The Daiwa Anglo-Japanese Foundation invites you to a special event!

Monday, 2 April 2012

6:00 – 7:30pm Followed by a drinks reception to 8:00pm Admission free, book here

Daiwa Foundation Japan House 13/14 Cornwall Terrace, Outer Circle London NW1 4QP

Mino washi (traditional Japanese paper from Mino City) has a proud tradition of more than 1,300 years and has a fine fibre texture that is highly regarded as beautiful and robust. Mino washi is made from the raw material kozo (a native Japanese mulberry tree), and carefully processed without the use of chemicals with skilled craftsmen using traditional and time honoured processes, such as drying out in the sun.

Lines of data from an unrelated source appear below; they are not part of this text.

(* Let $n$ be a positive integer, let $\mathcal F$ be an $\mathcal N$-saturated family of subsets of $[n]$, and let $\mathcal G$ be a component of $\mathcal F$ with minimal elements $B_1,\dots,B_l$ and maximal elements $A_1,\dots,A_k$. Let $M\in\mathcal F$ satisfy $\bigcup_{j=1}^l B_j\subseteq M\subseteq\bigcap_{j=1}^k A_j$ and be minimal (with respect to inclusion) among sets of $\mathcal F$ with this property. Suppose $i\in[n]$, $i\notin M$ and $M\cup\{i\}\notin\mathcal F$. If $M\cup\{i\}$ is a maximal element of some induced copy of $\mathcal N$ in $\mathcal F\cup\{M\cup\{i\}\}$, then there exists an induced copy of $\mathcal N$ in $\mathcal F\cup\{M\cup\{i\}\}$ in which $M\cup\{i\}$ is the maximal element comparable to both minimal elements and $M$ is one of the minimal elements. Moreover, the number of $i\in[n]\setminus M$ such that $M\cup\{i\}\notin\mathcal F$ and $M\cup\{i\}$ is a maximal element of some induced copy of $\mathcal N$ in $\mathcal F\cup\{M\cup\{i\}\}$ is at most $|\mathcal F|-2$.
   Context: The poset $\mathcal N$ has four elements $a,b,c,d$ with $a<c$, $b<c$, $b<d$ and no other comparabilities (so $a,b$ are its minimal elements, $c,d$ its maximal elements; $c$ is the unique maximal element comparable to both minimal elements). A family $\mathcal Q$ of sets (ordered by inclusion) contains an induced copy of $\mathcal N$ if there are distinct sets in $\mathcal Q$ whose inclusion relations are exactly those of $a,b,c,d$ above. A family $\mathcal F$ of subsets of $[n]=\{1,\dots,n\}$ is $\mathcal N$-saturated if $\mathcal F$ contains no induced copy of $\mathcal N$, but for every $S\subseteq[n]$ with $S\notin\mathcal F$, the family $\mathcal F\cup\{S\}$ contains an induced copy of $\mathcal N$. A component of $\mathcal F$ is the vertex set of a connected component of the Hasse diagram (as a graph) of the poset $(\mathcal F\setminus\{\emptyset,[n]\},\subseteq)$; its minimal and maximal elements are taken with respect to inclusion within the component. *)

theory Defs
  imports Main
begin

text \<open>Induced copy of the poset N (a<c, b<c, b<d, nothing else) in a family Q,
  with roles a b c d given explicitly.\<close>
definition is_N_copy :: "'a set set \<Rightarrow> 'a set \<Rightarrow> 'a set \<Rightarrow> 'a set \<Rightarrow> 'a set \<Rightarrow> bool" where
  "is_N_copy Q a b c d \<longleftrightarrow>
     a \<in> Q \<and> b \<in> Q \<and> c \<in> Q \<and> d \<in> Q \<and>
     a \<noteq> b \<and> a \<noteq> c \<and> a \<noteq> d \<and> b \<noteq> c \<and> b \<noteq> d \<and> c \<noteq> d \<and>
     a \<subseteq> c \<and> b \<subseteq> c \<and> b \<subseteq> d \<and>
     \<not> a \<subseteq> b \<and> \<not> b \<subseteq> a \<and> \<not> a \<subseteq> d \<and> \<not> d \<subseteq> a \<and>
     \<not> c \<subseteq> d \<and> \<not> d \<subseteq> c \<and> \<not> c \<subseteq> a \<and> \<not> c \<subseteq> b \<and> \<not> d \<subseteq> b"

definition contains_N :: "'a set set \<Rightarrow> bool" where
  "contains_N Q \<longleftrightarrow> (\<exists>a b c d. is_N_copy Q a b c d)"

definition max_of_N_copy :: "'a set set \<Rightarrow> 'a set \<Rightarrow> bool" where
  "max_of_N_copy Q S \<longleftrightarrow> (\<exists>a b c d. is_N_copy Q a b c d \<and> (S = c \<or> S = d))"

definition N_saturated :: "nat \<Rightarrow> nat set set \<Rightarrow> bool" where
  "N_saturated n F \<longleftrightarrow>
     F \<subseteq> Pow {1..n} \<and> \<not> contains_N F \<and>
     (\<forall>S. S \<subseteq> {1..n} \<longrightarrow> S \<notin> F \<longrightarrow> contains_N (insert S F))"

definition covers :: "'a set set \<Rightarrow> 'a set \<Rightarrow> 'a set \<Rightarrow> bool" where
  "covers P X Y \<longleftrightarrow> X \<in> P \<and> Y \<in> P \<and> X \<subset> Y \<and> \<not> (\<exists>Z\<in>P. X \<subset> Z \<and> Z \<subset> Y)"

definition hasse_conn :: "'a set set \<Rightarrow> 'a set \<Rightarrow> 'a set \<Rightarrow> bool" where
  "hasse_conn P = (\<lambda>X Y. covers P X Y \<or> covers P Y X)\<^sup>*\<^sup>*"

text \<open>G is a component of F: vertex set of a connected component of the Hasse diagram
  of F without the empty set and the ground set {1..n}.\<close>
definition is_component :: "nat \<Rightarrow> nat set set \<Rightarrow> nat set set \<Rightarrow> bool" where
  "is_component n F G \<longleftrightarrow>
     (\<exists>X \<in> F - {{}, {1..n}}. G = {Y \<in> F - {{}, {1..n}}. hasse_conn (F - {{}, {1..n}}) X Y})"

definition minimal_elems :: "'a set set \<Rightarrow> 'a set set" where
  "minimal_elems G = {X \<in> G. \<not> (\<exists>Y\<in>G. Y \<subset> X)}"

definition maximal_elems :: "'a set set \<Rightarrow> 'a set set" where
  "maximal_elems G = {X \<in> G. \<not> (\<exists>Y\<in>G. X \<subset> Y)}"

end

theory Submission
  imports Defs
begin

(* Every member of the component G is comparable with M. Otherwise let T be the union of the
   members of G strictly below M. Playing the minimal elements of G against the minimality of M
   shows that every member of G is comparable with T and that T is not in F. By saturation T lies
   in an induced N of F with T added; since T sits between two members of G, that copy is linked
   by comparabilities into G, so T would be comparable with all its other elements, which no
   element of an N is.
   If now S = M with i added is maximal in an induced N, comparability with M allows one of the two
   minimal elements of the copy to be exchanged for M. The other minimal element x satisfies
   x - M = {i}, so distinct i give distinct such x in F, none of them empty or equal to M. *)

lemma hasse_conn_sym: "hasse_conn P x y \<Longrightarrow> hasse_conn P y x"
  unfolding hasse_conn_def
  by (induction rule: rtranclp_induct) (auto intro: converse_rtranclp_into_rtranclp)

lemma hasse_conn_if_subset:
  assumes "finite P" "x \<in> P" "y \<in> P" "x \<subseteq> y"
  shows "hasse_conn P x y"
  using assms(2,4)
proof (induction x rule: measure_induct_rule[where f = "\<lambda>u. card {w \<in> P. u \<subset> w \<and> w \<subseteq> y}"])
  case (less x)
  show ?case
  proof (cases "x = y")
    case True
    then show ?thesis unfolding hasse_conn_def by simp
  next
    case False
    let ?above = "\<lambda>u. {w \<in> P. u \<subset> w \<and> w \<subseteq> y}"
    have "y \<in> ?above x" using less.prems assms(3) False by auto
    then obtain z where z: "z \<in> ?above x" and z_min: "\<forall>w \<in> ?above x. w \<subseteq> z \<longrightarrow> z = w"
      using finite_has_minimal2[of "?above x" y] assms(1) by auto
    have "\<not> (\<exists>Z \<in> P. x \<subset> Z \<and> Z \<subset> z)"
    proof
      assume "\<exists>Z \<in> P. x \<subset> Z \<and> Z \<subset> z"
      then obtain Z where "Z \<in> ?above x" "Z \<subset> z" using z by auto
      then show False using z_min by blast
    qed
    then have "covers P x z" unfolding covers_def using z less.prems by simp
    moreover have "card (?above z) < card (?above x)"
      by (rule psubset_card_mono) (use assms(1) z in auto)
    then have "hasse_conn P z y" using less.IH z by auto
    ultimately show ?thesis
      using converse_rtranclp_into_rtranclp[of "\<lambda>X Y. covers P X Y \<or> covers P Y X" x z y]
      unfolding hasse_conn_def by blast
  qed
qed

Satoshi Hasegawa is an artisan manufacturing paper in Mino City in Gifu Prefecture. The technique he uses to make washi, is a traditional process native to the Mino region using domestic materials. His main product is the high quality ‘Usu Mino Thin Paper’ which is widely used to repair ancient cultural treasures such as manuscripts and texts in art galleries and museums at home and abroad.

Upon receiving a commission from the Ruthin Craft Centre where his skills are highly valued, Mr Hasegawa has supplied the centre with 600 sheets of Mino washi for the creation of a sculptural space at the exhibition, Japanese Style: Sustaining Design. The exhibition will take place at the Ruthin Craft Centre in Wales from 1 April to 24 June 2012 (www.japanseasonwales.com).

Mr Hasegawa believes “Paper in itself may just be a material, but it is my ongoing mission to continue and develop this work, and to connect the tradition with the next generation”.

This special event at Daiwa Foundation Japan House will begin with opening remarks from Mr Kazuyoshi Kano, Vice Mayor of Mino City and Mr Akira Watanabe, Executive Director, Department of Industry Promotion, Mino City.

About the contributors:

Satoshi Hasegawa was born in 1964. In 1991, he studied under the late foremost craftsman of Mino washi, Kozo Furuta, who was dedicated to making traditional papermaking for more than fifty years. Hasegawa established his own studio in 1993. In 2003 he was designated by the Japanese national body The Association for the Promotion of Traditional Craft Industries as a “traditional craftsman”.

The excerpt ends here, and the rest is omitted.